TASK DESCRIPTION
Copying exactly, give the lines in the material below from the one with "i \<noteq> h" to the one with "define E2 where", ends included, and nothing besides.

SUPPLIED RECORDS
theorem mainTheorem6:
  fixes q :: complex and tau :: "int \<Rightarrow> int \<Rightarrow> pt \<Rightarrow> complex" and d :: "int \<Rightarrow> int \<Rightarrow> int"
  assumes q0: "q \<noteq> 0"
    and nonvanish: "\<And>m n t. dom4 t \<Longrightarrow> tau m n t \<noteq> 0"
    and hirota: "\<And>i j m n t. i \<in> Kset \<Longrightarrow> j \<in> Kset \<Longrightarrow> dom4 t \<Longrightarrow>
       coord i t * tau m (n + 1) (tsh q i t) * tau (m + 1) n (tsh q j t)
       - coord j t * tau m (n + 1) (tsh q j t) * tau (m + 1) n (tsh q i t)
       = (coord i t - coord j t) * tau m n (tsh q i (tsh q j t)) * tau (m + 1) (n + 1) t"
    and homog: "\<And>m n t. dom4 t \<Longrightarrow> tau m n (scale q t) = q powi (d m n) * tau m n t"
    and dcond: "\<And>m n. d m n + d (m + 1) (n + 1) = d m (n + 1) + d (m + 1) n"
    and per1: "\<And>m n t. dom4 t \<Longrightarrow> tau (m + 2) n t = tau m n t"
    and per2: "\<And>m n t. dom4 t \<Longrightarrow> tau m (n + 2) t = tau m n t"
    and dper1: "\<And>m n. d (m + 2) n = d m n"
    and dper2: "\<And>m n. d m (n + 2) = d m n"
    and t: "dom4 t"
  shows "alph (Tp q t) = q * alph t \<and> bet (Tp q t) = bet t / q \<and>
         gam (Tp q t) = q * gam t \<and> del (Tp q t) = del t / q \<and>
         alph t * del t / (bet t * gam t) = 1 \<and>
         ((gq q tau 1 2 t - alph t \<noteq> 0 \<and> bet t * gq q tau 1 2 t - cq q d 1 2 \<noteq> 0) \<longrightarrow>
            fq q tau 1 1 (Tp q t) =
              cq q d 1 1 / fq q tau 1 1 t *
              ((alph t * gq q tau 1 2 t - 1) * (gq q tau 1 2 t - cq q d 1 2 * bet t)
               / ((gq q tau 1 2 t - alph t) * (bet t * gq q tau 1 2 t - cq q d 1 2)))) \<and>
         ((fq q tau 1 1 (Tp q t) - q * gam t \<noteq> 0 \<and> del t * fq q tau 1 1 (Tp q t) - cq q d 1 1 \<noteq> 0) \<longrightarrow>
            gq q tau 1 2 (Tp q t) =
              cq q d 1 2 / gq q tau 1 2 t *
              ((q * gam t * fq q tau 1 1 (Tp q t) - 1) * (fq q tau 1 1 (Tp q t) - cq q d 1 1 * del t)
               / ((fq q tau 1 1 (Tp q t) - q * gam t) * (del t * fq q tau 1 1 (Tp q t) - cq q d 1 1))))"
proof -
  interpret qP6_reduction q tau d
    by unfold_locales (fact q0 nonvanish hirota per1 per2 homog)+
  show ?thesis
    using parameter_shift[of q t] parameter_constraint[OF t] f_evolution[OF t] g_evolution[OF t]
    by blast
qed

end
section \<open>Linear algebra\<close>

lemma bilinear_antisym_stdbasis:
  fixes \<phi> :: "'a::euclidean_space \<Rightarrow> 'a \<Rightarrow> 'b::real_vector"
  assumes "bilinear \<phi>" and "\<And>a b. a \<in> Basis \<Longrightarrow> b \<in> Basis \<Longrightarrow> \<phi> a b = - \<phi> b a"
  shows "\<phi> u v = - \<phi> v u"
proof -
  have "bilinear (\<lambda>u v. - \<phi> v u)"
    unfolding bilinear_def linear_iff
    by (simp add: bilinear_ladd[OF assms(1)] bilinear_radd[OF assms(1)]
        bilinear_lmul[OF assms(1)] bilinear_rmul[OF assms(1)])
  then have "\<phi> = (\<lambda>u v. - \<phi> v u)"
    using bilinear_eq_stdbasis[OF assms(1)] assms(2) by blast
  from fun_cong[OF fun_cong[OF this, of u], of v] show ?thesis
    by simp
qed

lemma cyclic_sum_eq_0_stdbasis:
  fixes br :: "'a::euclidean_space \<Rightarrow> 'a \<Rightarrow> 'a" and \<phi> :: "'a \<Rightarrow> 'a \<Rightarrow> 'b::real_vector"
  assumes br: "bilinear br" and \<phi>: "bilinear \<phi>"
    and basis: "\<And>a b c. a \<in> Basis \<Longrightarrow> b \<in> Basis \<Longrightarrow> c \<in> Basis \<Longrightarrow>
                  \<phi> (br a b) c + \<phi> (br b c) a + \<phi> (br c a) b = 0"
  shows "\<phi> (br u v) w + \<phi> (br v w) u + \<phi> (br w u) v = 0"
proof -
  define t where "t u v w = \<phi> (br u v) w + \<phi> (br v w) u + \<phi> (br w u) v" for u v w
  note expand = bilinear_ladd[OF br] bilinear_radd[OF br] bilinear_lmul[OF br] bilinear_rmul[OF br]
    bilinear_ladd[OF \<phi>] bilinear_radd[OF \<phi>] bilinear_lmul[OF \<phi>] bilinear_rmul[OF \<phi>]
  have lin: "linear (\<lambda>u. t u v w)" for v w
    unfolding t_def linear_iff by (simp add: expand algebra_simps)
  have bil: "bilinear (t u)" for u
    unfolding t_def bilinear_def linear_iff by (simp add: expand algebra_simps)
  have zero: "bilinear (\<lambda>v w. 0 :: 'b)"
    by (simp add: bilinear_def linear_zero)
  have "t a = (\<lambda>v w. 0)" if "a \<in> Basis" for a
    by (rule bilinear_eq_stdbasis[OF bil zero]) (use basis that in \<open>simp add: t_def\<close>)
  then have "(\<lambda>u. t u v w) = (\<lambda>u. 0)"
    by (intro linear_eq_stdbasis[OF lin linear_zero]) simp
  from fun_cong[OF this, of u] show ?thesis
    unfolding t_def by simp
qed
lemma gibbs_entropy_strict_decreasing:
  assumes "i < n" "j < n" "h i \<noteq> h j" "0 \<le> \<beta>1" "\<beta>1 < \<beta>2"
  shows "gibbs_entropy n h \<beta>2 < gibbs_entropy n h \<beta>1"
proof -
  have n: "n > 0" using assms by simp
  define E1 where "E1 = (\<Sum>i<n. h i * gibbs_weight n h \<beta>1 i)"
  define E2 where "E2 = (\<Sum>i<n. h i * gibbs_weight n h \<beta>2 i)"
  define L1 where "L1 = ln (partition_fun n h \<beta>1)"
  define L2 where "L2 = ln (partition_fun n h \<beta>2)"
  have weights: "\<And>\<beta> j. j < n \<Longrightarrow> gibbs_weight n h \<beta> j \<ge> 0" "\<And>\<beta>. (\<Sum>j<n. gibbs_weight n h \<beta> j) = 1"
    using gibbs_weight_pos[OF n] sum_gibbs_weight[OF n] by (auto intro: less_imp_le)
  have "- gibbs_entropy n h \<beta>2 + \<beta>1 * E2 > - L1"
    using gibbs_variational_strict[of n "gibbs_weight n h \<beta>2" h \<beta>1] weights
      gibbs_weight_neq[OF assms(1-3), of \<beta>2 \<beta>1] assms(5)
    by (simp add: sum_xlogx_gibbs_weight[OF n] E2_def L1_def)
  then have strict: "- \<beta>2 * E2 - L2 + \<beta>1 * E2 > - L1"
    by (simp add: gibbs_entropy_def E2_def L2_def)
  have "- gibbs_entropy n h \<beta>1 + \<beta>2 * E1 \<ge> - L2"
    using gibbs_variational[of n "gibbs_weight n h \<beta>1" h \<beta>2] weights
    by (simp add: sum_xlogx_gibbs_weight[OF n] E1_def L2_def)
  then have weak: "- \<beta>1 * E1 - L1 + \<beta>2 * E1 \<ge> - L2"
    by (simp add: gibbs_entropy_def E1_def L1_def)
  have "(\<beta>2 - \<beta>1) * (E1 - E2) > 0" using strict weak by (simp add: algebra_simps)
  then have "E1 - E2 > 0" using assms(5) by (simp add: zero_less_mult_iff)
  then have "\<beta>1 * (E1 - E2) \<ge> 0" using assms(4) by simp
  then show ?thesis using strict
    unfolding gibbs_entropy_def E1_def[symmetric] E2_def[symmetric] L1_def[symmetric] L2_def[symmetric]
    by (simp add: algebra_simps)
qed

lemma continuous_on_gibbs_entropy:
  assumes "n > 0"
  shows "continuous_on S (gibbs_entropy n h)"
proof -
  have "continuous_on S (\<lambda>\<beta>. partition_fun n h \<beta>)" unfolding partition_fun_def by (intro continuous_intros)
  moreover have "\<forall>\<beta>\<in>S. partition_fun n h \<beta> \<noteq> 0" using partition_fun_pos[OF assms] by (metis less_irrefl)
  ultimately have "continuous_on S (\<lambda>\<beta>. \<beta> * (\<Sum>i<n. h i * (exp (- \<beta> * h i) / partition_fun n h \<beta>))
      + ln (partition_fun n h \<beta>))"
    by (intro continuous_intros continuous_on_ln) auto
  then show ?thesis by (simp add: gibbs_entropy_def gibbs_weight_def)
qed

text \<open>Measuring energies from the ground level h i0, the partition function is 1 + T with T the
  sum of the Boltzmann factors of the excited levels, and ln (1 + T) \<le> T.\<close>

lemma gibbs_entropy_le:
  assumes i0: "i0 < n" and gt: "\<forall>i<n. i \<noteq> i0 \<longrightarrow> h i > h i0" and \<beta>: "\<beta> \<ge> 0"
  shows "gibbs_entropy n h \<beta> \<le> (\<Sum>i\<in>{..<n} - {i0}. (1 + \<beta> * (h i - h i0)) * exp (- \<beta> * (h i - h i0)))"
proof -
  define x where "x i = h i - h i0" for i
  define A where "A = {..<n} - {i0}"
  define T where "T = (\<Sum>i\<in>A. exp (- \<beta> * x i))"
  have n: "n > 0" using i0 by simp
  have x0: "x i0 = 0" by (simp add: x_def)
  have xpos: "i \<in> A \<Longrightarrow> x i > 0" for i using gt by (auto simp: A_def x_def)
  have T0: "T \<ge> 0" by (simp add: T_def sum_nonneg)
  have Y: "(\<Sum>i<n. exp (- \<beta> * x i)) = 1 + T"
    unfolding T_def A_def using i0 x0 by (simp add: sum.remove[of "{..<n}" i0])
  have Z: "partition_fun n h \<beta> = exp (- \<beta> * h i0) * (1 + T)"
    unfolding partition_fun_def Y[symmetric] sum_distrib_left
    by (intro sum.cong refl) (simp add: x_def algebra_simps flip: exp_add)
  have weight: "gibbs_weight n h \<beta> i = exp (- \<beta> * x i) / (1 + T)" for i
  proof -
    have "exp (- \<beta> * h i) = exp (- \<beta> * h i0) * exp (- \<beta> * x i)"
      by (simp add: x_def algebra_simps flip: exp_add)
    then show ?thesis unfolding gibbs_weight_def Z by simp
  qed
  have ln_Z: "ln (partition_fun n h \<beta>) = - \<beta> * h i0 + ln (1 + T)"
    using T0 by (simp add: Z ln_mult)
  have ln_T: "ln (1 + T) \<le> T" using ln_le_minus_one[of "1 + T"] T0 by simp
  have "(\<Sum>i<n. h i * gibbs_weight n h \<beta> i) = (\<Sum>i<n. h i0 * gibbs_weight n h \<beta> i + x i * gibbs_weight n h \<beta> i)"
    by (intro sum.cong refl) (simp add: x_def algebra_simps)
  also have "\<dots> = h i0 + (\<Sum>i\<in>A. x i * gibbs_weight n h \<beta> i)"
    unfolding A_def using i0 x0
    by (simp add: sum.distrib sum_gibbs_weight[OF n] sum.remove[of "{..<n}" i0] flip: sum_distrib_left)
  also have "\<dots> \<le> h i0 + (\<Sum>i\<in>A. x i * exp (- \<beta> * x i))"
    unfolding weight using xpos T0
    by (intro add_left_mono sum_mono mult_left_mono) (auto simp: divide_le_eq less_imp_le)
  finally have E: "(\<Sum>i<n. h i * gibbs_weight n h \<beta> i) \<le> h i0 + (\<Sum>i\<in>A. x i * exp (- \<beta> * x i))" .
  have "gibbs_entropy n h \<beta> = \<beta> * (\<Sum>i<n. h i * gibbs_weight n h \<beta> i) - \<beta> * h i0 + ln (1 + T)"
    by (simp add: gibbs_entropy_def ln_Z)
  also have "\<dots> \<le> \<beta> * (h i0 + (\<Sum>i\<in>A. x i * exp (- \<beta> * x i))) - \<beta> * h i0 + T"
    using E \<beta> ln_T by (intro add_mono diff_mono mult_left_mono) auto
  also have "\<dots> = (\<Sum>i\<in>A. (1 + \<beta> * x i) * exp (- \<beta> * x i))"
    by (simp add: T_def algebra_simps sum.distrib sum_distrib_left)
  finally show ?thesis by (simp add: A_def x_def)
qed

lemma tendsto_linear_exp_decay:
  assumes "(x::real) > 0"
  shows "((\<lambda>\<beta>. (1 + \<beta> * x) * exp (- \<beta> * x)) \<longlongrightarrow> 0) at_top"
proof -
  have "((\<lambda>y::real. y ^ 0 / exp y + y ^ 1 / exp y) \<longlongrightarrow> 0 + 0) at_top"
    by (intro tendsto_add tendsto_power_div_exp_0)
  moreover have "filterlim (\<lambda>\<beta>. \<beta> * x) at_top at_top"
    by (rule filterlim_at_top_mult_tendsto_pos[OF tendsto_const assms filterlim_ident])
  ultimately have "((\<lambda>\<beta>. (\<beta> * x) ^ 0 / exp (\<beta> * x) + (\<beta> * x) ^ 1 / exp (\<beta> * x)) \<longlongrightarrow> 0) at_top"
    using filterlim_compose by fastforce
  then show ?thesis by (simp add: exp_minus field_simps)
qed

lemma gibbs_entropy_less:
  assumes i0: "i0 < n" and gt: "\<forall>i<n. i \<noteq> i0 \<longrightarrow> h i > h i0" and S: "S > 0"
  obtains R where "R \<ge> 0" "gibbs_entropy n h R < S"
proof -
  define B where "B \<beta> = (\<Sum>i\<in>{..<n} - {i0}. (1 + \<beta> * (h i - h i0)) * exp (- \<beta> * (h i - h i0)))" for \<beta>
  have "(B \<longlongrightarrow> (\<Sum>i\<in>{..<n} - {i0}. 0)) at_top"
    unfolding B_def by (intro tendsto_sum tendsto_linear_exp_decay) (use gt in auto)
  then have "eventually (\<lambda>\<beta>. B \<beta> < S) at_top" using S by (intro order_tendstoD(2)) auto
  then obtain N where N: "\<And>\<beta>. \<beta> \<ge> N \<Longrightarrow> B \<beta> < S" by (auto simp: eventually_at_top_linorder)
  have "gibbs_entropy n h (max N 0) \<le> B (max N 0)"
    unfolding B_def by (rule gibbs_entropy_le[OF i0 gt]) simp
  also have "\<dots> < S" by (rule N) simp
  finally show ?thesis by (intro that[of "max N 0"]) auto
qed

lemma gibbs_entropy_surj:
  assumes i0: "i0 < n" and gt: "\<forall>i<n. i \<noteq> i0 \<longrightarrow> h i > h i0" and S: "S > 0" "S \<le> ln n"
  obtains \<beta> where "\<beta> \<ge> 0" "gibbs_entropy n h \<beta> = S"
proof -
  have n: "n > 0" using i0 by simp
  obtain R where R: "R \<ge> 0" "gibbs_entropy n h R < S" using gibbs_entropy_less[OF i0 gt S(1)] .
  have "\<exists>x\<ge>0. x \<le> R \<and> gibbs_entropy n h x = S"
    by (rule IVT2') (use R S gibbs_entropy_0[OF n] continuous_on_gibbs_entropy[OF n] in auto)
  then show ?thesis using that by blast
qed

section \<open>Energy and entropy of states\<close>

lemma sum_mset_image_upt: "(\<Sum>x\<in>#image_mset g (mset [0..<n]). f x) = (\<Sum>i<n. f (g i))"
  by (induction n) (auto simp: add.commute)

lemma entropy_eigen_decomp:
  assumes "eigen_decomp n U l M"
  shows "entropy M = - (\<Sum>i<n. xlogx (l i))"
  unfolding entropy_def eigvals_eigen_decomp[OF assms] sum_mset_image_upt by simp

definition overlap :: "nat \<Rightarrow> (nat \<Rightarrow> nat \<Rightarrow> complex) \<Rightarrow> (nat \<Rightarrow> nat \<Rightarrow> complex) \<Rightarrow> nat \<Rightarrow> nat \<Rightarrow> complex" where
  "overlap n U V i j = (\<Sum>b<n. cnj (U b i) * V b j)"

lemma cnj_overlap: "cnj (overlap n U V i j) = overlap n V U j i"
  by (simp add: overlap_def mult.commute)

lemma overlap_self:
  assumes "unitary_fun n U" "i < n" "j < n"
  shows "overlap n U U i j = (if i = j then 1 else 0)"
  using assms unfolding unitary_fun_def overlap_def by auto
lemma saturated_extends_by_variable:
  fixes q :: "('r,'v,'m) fm set"
  assumes M: "elem_sub ar I TYPE('v) M" and M_sat: "saturated ar I TYPE('v) lam M"
    and q: "\<forall>\<phi>\<in>q. wf ar \<phi> \<and> pars \<phi> \<subseteq> B" "finitely_satisfiable I q"
    and B: "B \<subseteq> M" "|B| <o lam"
  obtains a where "a \<in> M" "finitely_satisfiable I (insert (Eq (Var x) (Par a)) q)"
proof -
  let ?\<Theta> = "proj_conj x ` {F. finite F \<and> F \<subseteq> q}"
  have \<Theta>: "wf ar (proj_conj x F) \<and> pars (proj_conj x F) \<subseteq> B \<and> fv (proj_conj x F) \<subseteq> {x}"
    if "finite F" "F \<subseteq> q" for F
    using that q(1) fv_proj_conj[OF that(1)] by (auto simp: wf_proj_conj pars_proj_conj)
  have \<Theta>_in_M: "sat M I (\<lambda>_. a) (proj_conj x F) \<longleftrightarrow> sat UNIV I (\<lambda>_. a) (proj_conj x F)"
    if "a \<in> M" "finite F" "F \<subseteq> q" for a F
  proof (rule elem_sub_sat_iff[OF M])
    show "wf ar (proj_conj x F)" "pars (proj_conj x F) \<subseteq> M" "(\<lambda>_. a) ` fv (proj_conj x F) \<subseteq> M"
      using \<Theta>[OF that(2,3)] B(1) that(1) by auto
  qed
  have "\<exists>a\<in>M. \<forall>\<psi>\<in>?\<Theta>. sat M I (\<lambda>_. a) \<psi>"
  proof (rule M_sat[unfolded saturated_def, rule_format, OF B])
    show "wf ar \<psi> \<and> pars \<psi> \<subseteq> B \<and> fv \<psi> \<subseteq> {x}" if "\<psi> \<in> ?\<Theta>" for \<psi>
      using that \<Theta> by auto
  next
    fix \<Psi> assume "finite \<Psi>" "\<Psi> \<subseteq> ?\<Theta>"
    then obtain \<F> where \<F>: "\<F> \<subseteq> {F. finite F \<and> F \<subseteq> q}" "finite \<F>" "\<Psi> = proj_conj x ` \<F>"
      by (meson finite_subset_image)
    have "\<forall>\<phi>\<in>q. wf ar \<phi> \<and> pars \<phi> \<subseteq> M" using q(1) B(1) by blast
    then obtain a where a: "a \<in> M" "\<And>F. F \<in> \<F> \<Longrightarrow> sat UNIV I (\<lambda>_. a) (proj_conj x F)"
      using elem_sub_realizes_proj_conjs[OF M _ q(2) \<F>(2)] \<F>(1) by blast
    have "sat M I (\<lambda>_. a) (proj_conj x F)" if "F \<in> \<F>" for F
      using \<Theta>_in_M[OF a(1)] \<F>(1) a(2) that by blast
    then show "\<exists>a\<in>M. \<forall>\<psi>\<in>\<Psi>. sat M I (\<lambda>_. a) \<psi>"
      using a(1) \<F>(3) by blast
  qed
  then obtain a where a: "a \<in> M" "\<forall>\<psi>\<in>?\<Theta>. sat M I (\<lambda>_. a) \<psi>"
    by blast
  have a_sat: "sat UNIV I (\<lambda>_. a) (proj_conj x F)" if "finite F" "F \<subseteq> q" for F
    using a(2) \<Theta>_in_M[OF a(1) that] that by blast
  have "finitely_satisfiable I (insert (Eq (Var x) (Par a)) q)"
    unfolding finitely_satisfiable_def
  proof (intro allI impI)
    fix F assume "finite F" "F \<subseteq> insert (Eq (Var x) (Par a)) q"
    then have F: "finite (F - {Eq (Var x) (Par a)})" "F - {Eq (Var x) (Par a)} \<subseteq> q" by auto
    then obtain e where e: "e x = a" "\<forall>\<phi>\<in>F - {Eq (Var x) (Par a)}. sat UNIV I e \<phi>"
      using a_sat[OF F] sat_proj_conj[OF F(1)] by blast
    then have "sat UNIV I e (Eq (Var x) (Par a))" by simp
    then show "\<exists>e. \<forall>\<phi>\<in>F. sat UNIV I e \<phi>" using e(2) by blast
  qed
  with a(1) show thesis by (rule that)
qed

RESPONSE TO THIS EXERCISE
  assumes "i < n" "j < n" "h i \<noteq> h j" "0 \<le> \<beta>1" "\<beta>1 < \<beta>2"
  shows "gibbs_entropy n h \<beta>2 < gibbs_entropy n h \<beta>1"
proof -
  have n: "n > 0" using assms by simp
  define E1 where "E1 = (\<Sum>i<n. h i * gibbs_weight n h \<beta>1 i)"
  define E2 where "E2 = (\<Sum>i<n. h i * gibbs_weight n h \<beta>2 i)"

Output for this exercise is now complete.